- Description of the task -
Once the line containing "K \<Longrightarrow> \<theta>" has been written out, stop; until then, restate each line of the entries below word for word from the first.

★ ★ ★ ★

lemma compact_continuous_pos_bounded_below:
  fixes G :: "'a::metric_space \<Rightarrow> real"
  assumes "compact K" "continuous_on K G" "\<And>\<theta>. \<theta> \<in> K \<Longrightarrow> \<theta> \<noteq> \<theta>0 \<Longrightarrow> 0 < G \<theta>" "0 < \<epsilon>"
  obtains \<eta> where "0 < \<eta>" "\<And>\<theta>. \<theta> \<in> K \<Longrightarrow> \<epsilon> \<le> dist \<theta> \<theta>0 \<Longrightarrow> \<eta> \<le> G \<theta>"
proof (cases "K \<inter> {\<theta>. \<epsilon> \<le> dist \<theta> \<theta>0} = {}")
  case True
  then show ?thesis using that[of 1] by auto
next
  case False
  have "compact (K \<inter> {\<theta>. \<epsilon> \<le> dist \<theta> \<theta>0})"
    by (intro compact_Int_closed \<open>compact K\<close> closed_Collect_le continuous_intros)
  then obtain \<theta>min where "\<theta>min \<in> K" "\<epsilon> \<le> dist \<theta>min \<theta>0"
    and min: "\<And>\<theta>. \<theta> \<in> K \<Longrightarrow> \<epsilon> \<le> dist \<theta> \<theta>0 \<Longrightarrow> G \<theta>min \<le> G \<theta>"
    using continuous_attains_inf[OF _ False continuous_on_subset[OF assms(2)]] by auto
  moreover from this have "\<theta>min \<noteq> \<theta>0" using \<open>0 < \<epsilon>\<close> by auto
  ultimately have "0 < G \<theta>min" using assms(3) by blast
  with min show ?thesis using that by blast
qed

section \<open>The summands of the moment function\<close>

type_synonym 'k observation = "real \<times> (real^'k) \<times> (real^'k)"

text \<open>Clipping \<open>z $ c\<close> to \<open>[-m, m]\<close> changes nothing almost surely but makes the summand bounded
  everywhere, as Hoeffding's inequality requires.\<close>

definition moment_term :: "real \<Rightarrow> real \<Rightarrow> real^'k \<Rightarrow> 'k \<Rightarrow> 'k observation \<Rightarrow> real" where
  "moment_term \<tau> m \<theta> c = (\<lambda>(y, w, z). ((if y \<le> w \<bullet> \<theta> then 1 else 0) - \<tau>) * max (- m) (min m (z $ c)))"

definition band :: "real^'k \<Rightarrow> real \<Rightarrow> 'k observation \<Rightarrow> real" where
  "band \<theta> r = (\<lambda>(y, w, z). if \<bar>y - w \<bullet> \<theta>\<bar> \<le> r then 1 else 0)"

★ ★ ★ ★

- Result -
lemma compact_continuous_pos_bounded_below:
  fixes G :: "'a::metric_space \<Rightarrow> real"
  assumes "compact K" "continuous_on K G" "\<And>\<theta>. \<theta> \<in> K \<Longrightarrow> \<theta> \<noteq> \<theta>0 \<Longrightarrow> 0 < G \<theta>" "0 < \<epsilon>"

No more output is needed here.